The `dropout_wrapper` function implements residual connections with dropout:

```python
def dropout_wrapper(module,
                    input_act,
                    mask,
                    safe_key,
                    global_config,
                    output_act=None,
                    is_training=True,
                    **kwargs):
  """Applies module + dropout + residual update."""
  if output_act is None:
    output_act = input_act

  residual = module(input_act, mask, is_training=is_training, **kwargs)
  dropout_rate = 0.0 if gc.deterministic else module.config.dropout_rate

  if module.config.shared_dropout:
    if module.config.orientation == 'per_row':
      broadcast_dim = 0
    else:
      broadcast_dim = 1
  else:
    broadcast_dim = None

  residual = apply_dropout(tensor=residual,
                           safe_key=safe_key,
                           rate=dropout_rate,
                           is_training=is_training,
                           broadcast_dim=broadcast_dim)

  new_act = output_act + residual
  return new_act
```

## Key Design Principles

1. **Bidirectional Information Flow**: MSA and pair representations mutually inform each other

2. **Triangle Updates**: Enforce geometric consistency in the pair representation (if i is close to j and j is close to k, then i should be close to k)

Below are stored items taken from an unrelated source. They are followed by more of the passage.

(* Let $\mathcal F=(F,\rightarrowtail)$ be an argumentation framework and $A\subseteq F$. Then $A$ is strongly tenable if and only if $A$ is $1$-strongly tenable, i.e., Pro has a winning strategy starting with $X_0=A$ in the strong tenability game in which each move after $X_0$ introduces at most one new argument.
   Context: An argumentation framework (AF) $\mathcal F=(F,\rightarrowtail)$ consists of a (possibly infinite) set $F$ of arguments and a binary attack relation $\rightarrowtail\subseteq F\times F$. An argument $a$ attacks a set $B$ if $a\rightarrowtail b$ for some $b\in B$. $A^+=\{x\in F:\exists a\in A,\ a\rightarrowtail x\}$. A set is conflict-free if none of its elements attacks one of its elements. For $A,B\subseteq F$, $A$ is as cogent as $B$, written $A\succeq B$, if $A$ is conflict-free and every $b\in B$ that attacks $A$ belongs to $A^+$. Strong tenability game: a strong tenability dispute on $\mathcal F$ is a finite sequence $(X_0,\dots,X_n)$ of subsets of $F$, where even-indexed sets are moves of the Proponent (Pro) and odd-indexed sets are moves of the Opponent (Opp), such that (1) each $X_i$ is conflict-free; (2) $X_i\subseteq X_{i+2}$ whenever both are defined; (3) $X_1$ and each $X_{i+2}\setminus X_i$ are finite; (4) every Pro move $X_{2k}$ with $k\ge 1$ satisfies $X_{2k}\succeq X_{2k-1}$; (5) every Opp move $X_{2k+1}$ satisfies $X_{2k}\not\succeq X_{2k+1}$ (some element of $X_{2k+1}$ attacks $X_{2k}$ and is not in $X_{2k}^+$). Play starts with $X_0=A$ and players alternately extend the sequence so that it remains a dispute. A dispute is concluded if it has no legal extension; a concluded dispute is won by the player who made its last move. A strategy for Pro assigns to each dispute ending with an Opp move a legal Pro reply; it is winning if every concluded dispute starting with $X_0=A$ in which Pro follows it is won by Pro (infinite plays count as wins for Pro). $A$ is strongly tenable if Pro has a winning strategy starting with $X_0=A$. For $n\ge1$, the $n$-strong tenability game is the strong tenability game with the additional constraint that $|X_1|\le n$ and $|X_{i+2}\setminus X_i|\le n$ for every $i$ (each move except Pro's first introduces at most $n$ new arguments); $A$ is $n$-strongly tenable if Pro has a winning strategy starting with $X_0=A$ in this game. *)

theory Defs
  imports Main
begin

text \<open>An argumentation framework is given by a carrier set F of arguments and an
attack relation att (att a b means a attacks b), with att contained in F x F.\<close>

definition conflict_free :: "('a \<Rightarrow> 'a \<Rightarrow> bool) \<Rightarrow> 'a set \<Rightarrow> bool" where
  "conflict_free att S \<longleftrightarrow> \<not> (\<exists>a\<in>S. \<exists>b\<in>S. att a b)"

definition attacked_by :: "('a \<Rightarrow> 'a \<Rightarrow> bool) \<Rightarrow> 'a set \<Rightarrow> 'a set" where
  "attacked_by att S = {x. \<exists>a\<in>S. att a x}"

definition cogent :: "('a \<Rightarrow> 'a \<Rightarrow> bool) \<Rightarrow> 'a set \<Rightarrow> 'a set \<Rightarrow> bool" where
  "cogent att A B \<longleftrightarrow> conflict_free att A \<and>
     (\<forall>b\<in>B. (\<exists>a\<in>A. att b a) \<longrightarrow> b \<in> attacked_by att A)"

text \<open>Disputes, as nonempty lists X_0, ..., X_n (index i = position in the list).
The bound bd = None gives the strong tenability game; bd = Some n gives the
n-strong tenability game.\<close>
definition dispute :: "'a set \<Rightarrow> ('a \<Rightarrow> 'a \<Rightarrow> bool) \<Rightarrow> nat option \<Rightarrow> 'a set list \<Rightarrow> bool" where
  "dispute F att bd xs \<longleftrightarrow>
     xs \<noteq> [] \<and>
     (\<forall>i<length xs. xs ! i \<subseteq> F \<and> conflict_free att (xs ! i)) \<and>
     (\<forall>i. i + 2 < length xs \<longrightarrow> xs ! i \<subseteq> xs ! (i + 2)) \<and>
     (1 < length xs \<longrightarrow> finite (xs ! 1)) \<and>
     (\<forall>i. i + 2 < length xs \<longrightarrow> finite (xs ! (i + 2) - xs ! i)) \<and>
     (\<forall>k. 0 < k \<and> 2 * k < length xs \<longrightarrow> cogent att (xs ! (2 * k)) (xs ! (2 * k - 1))) \<and>
     (\<forall>k. 2 * k + 1 < length xs \<longrightarrow> \<not> cogent att (xs ! (2 * k)) (xs ! (2 * k + 1))) \<and>
     (\<forall>n. bd = Some n \<longrightarrow>
        (1 < length xs \<longrightarrow> card (xs ! 1) \<le> n) \<and>
        (\<forall>i. i + 2 < length xs \<longrightarrow> card (xs ! (i + 2) - xs ! i) \<le> n))"

definition concluded :: "'a set \<Rightarrow> ('a \<Rightarrow> 'a \<Rightarrow> bool) \<Rightarrow> nat option \<Rightarrow> 'a set list \<Rightarrow> bool" where
  "concluded F att bd xs \<longleftrightarrow> dispute F att bd xs \<and> \<not> (\<exists>X. dispute F att bd (xs @ [X]))"

definition follows :: "('a set list \<Rightarrow> 'a set) \<Rightarrow> 'a set list \<Rightarrow> bool" where
  "follows \<sigma> xs \<longleftrightarrow> (\<forall>k. 0 < k \<and> 2 * k < length xs \<longrightarrow> xs ! (2 * k) = \<sigma> (take (2 * k) xs))"

text \<open>A winning strategy for Pro from A: it gives a legal reply to every dispute
starting with A, played according to it, and ending with an Opp move (even length);
and every concluded such dispute is won by Pro (last move made by Pro, i.e. odd length).\<close>
definition winning_strategy ::
  "'a set \<Rightarrow> ('a \<Rightarrow> 'a \<Rightarrow> bool) \<Rightarrow> nat option \<Rightarrow> 'a set \<Rightarrow> ('a set list \<Rightarrow> 'a set) \<Rightarrow> bool" where
  "winning_strategy F att bd A \<sigma> \<longleftrightarrow>
     (\<forall>xs. dispute F att bd xs \<and> hd xs = A \<and> follows \<sigma> xs \<and> even (length xs)
            \<longrightarrow> dispute F att bd (xs @ [\<sigma> xs])) \<and>
     (\<forall>xs. concluded F att bd xs \<and> hd xs = A \<and> follows \<sigma> xs \<longrightarrow> odd (length xs))"

definition strongly_tenable :: "'a set \<Rightarrow> ('a \<Rightarrow> 'a \<Rightarrow> bool) \<Rightarrow> 'a set \<Rightarrow> bool" where
  "strongly_tenable F att A \<longleftrightarrow> (\<exists>\<sigma>. winning_strategy F att None A \<sigma>)"

definition n_strongly_tenable :: "nat \<Rightarrow> 'a set \<Rightarrow> ('a \<Rightarrow> 'a \<Rightarrow> bool) \<Rightarrow> 'a set \<Rightarrow> bool" where
  "n_strongly_tenable n F att A \<longleftrightarrow> (\<exists>\<sigma>. winning_strategy F att (Some n) A \<sigma>)"

end

theory Submission
  imports Defs
begin

text \<open>Each game is simulated inside the other by a shadow play. From a winning strategy of the
unrestricted game Pro wins the 1-game: Opp's new argument b attacks Pro's set P and is not
attacked by it; if the shadow Pro set does not attack b yet, Opp's whole current set is played in
the shadow game, and the strategy's cogent reply must contain an attacker x of b, so Pro answers
with P \<union> {x}. Conversely, from a winning strategy of an n-game (n \<ge> 1) Pro wins the unrestricted
game: against a finite Opp set Y, the arguments of Y that attack the shadow Pro set unanswered
are fed into the bounded game one at a time, and since Y is finite this stops with a shadow Pro
set cogent against Y, which becomes Pro's reply. Keeping the two plays in step is an invariant
on positions, and any invariant that Pro can always restore yields a winning strategy.\<close>

lemma conflict_free_subset: "conflict_free att Y \<Longrightarrow> X \<subseteq> Y \<Longrightarrow> conflict_free att X"
  unfolding conflict_free_def by blast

3. **Residual Connections**: Every sub-module uses residual connections for stable training

4. **Shared Dropout**: Row-wise or column-wise dropout is shared across the appropriate dimension

5. **Gradient Checkpointing**: `hk.remat` is used to reduce memory consumption during training

## Summary

The Evoformer stack is the core innovation of AlphaFold2, enabling:

1. **Evolutionary information extraction** from MSA via column attention
2. **Structural constraint propagation** through triangle updates
3. **Coevolution signal extraction** via outer product mean
4. **Deep feature refinement** through 48 stacked blocks

The output representations from the Evoformer are then used by the Structure Module to generate the final 3D coordinates.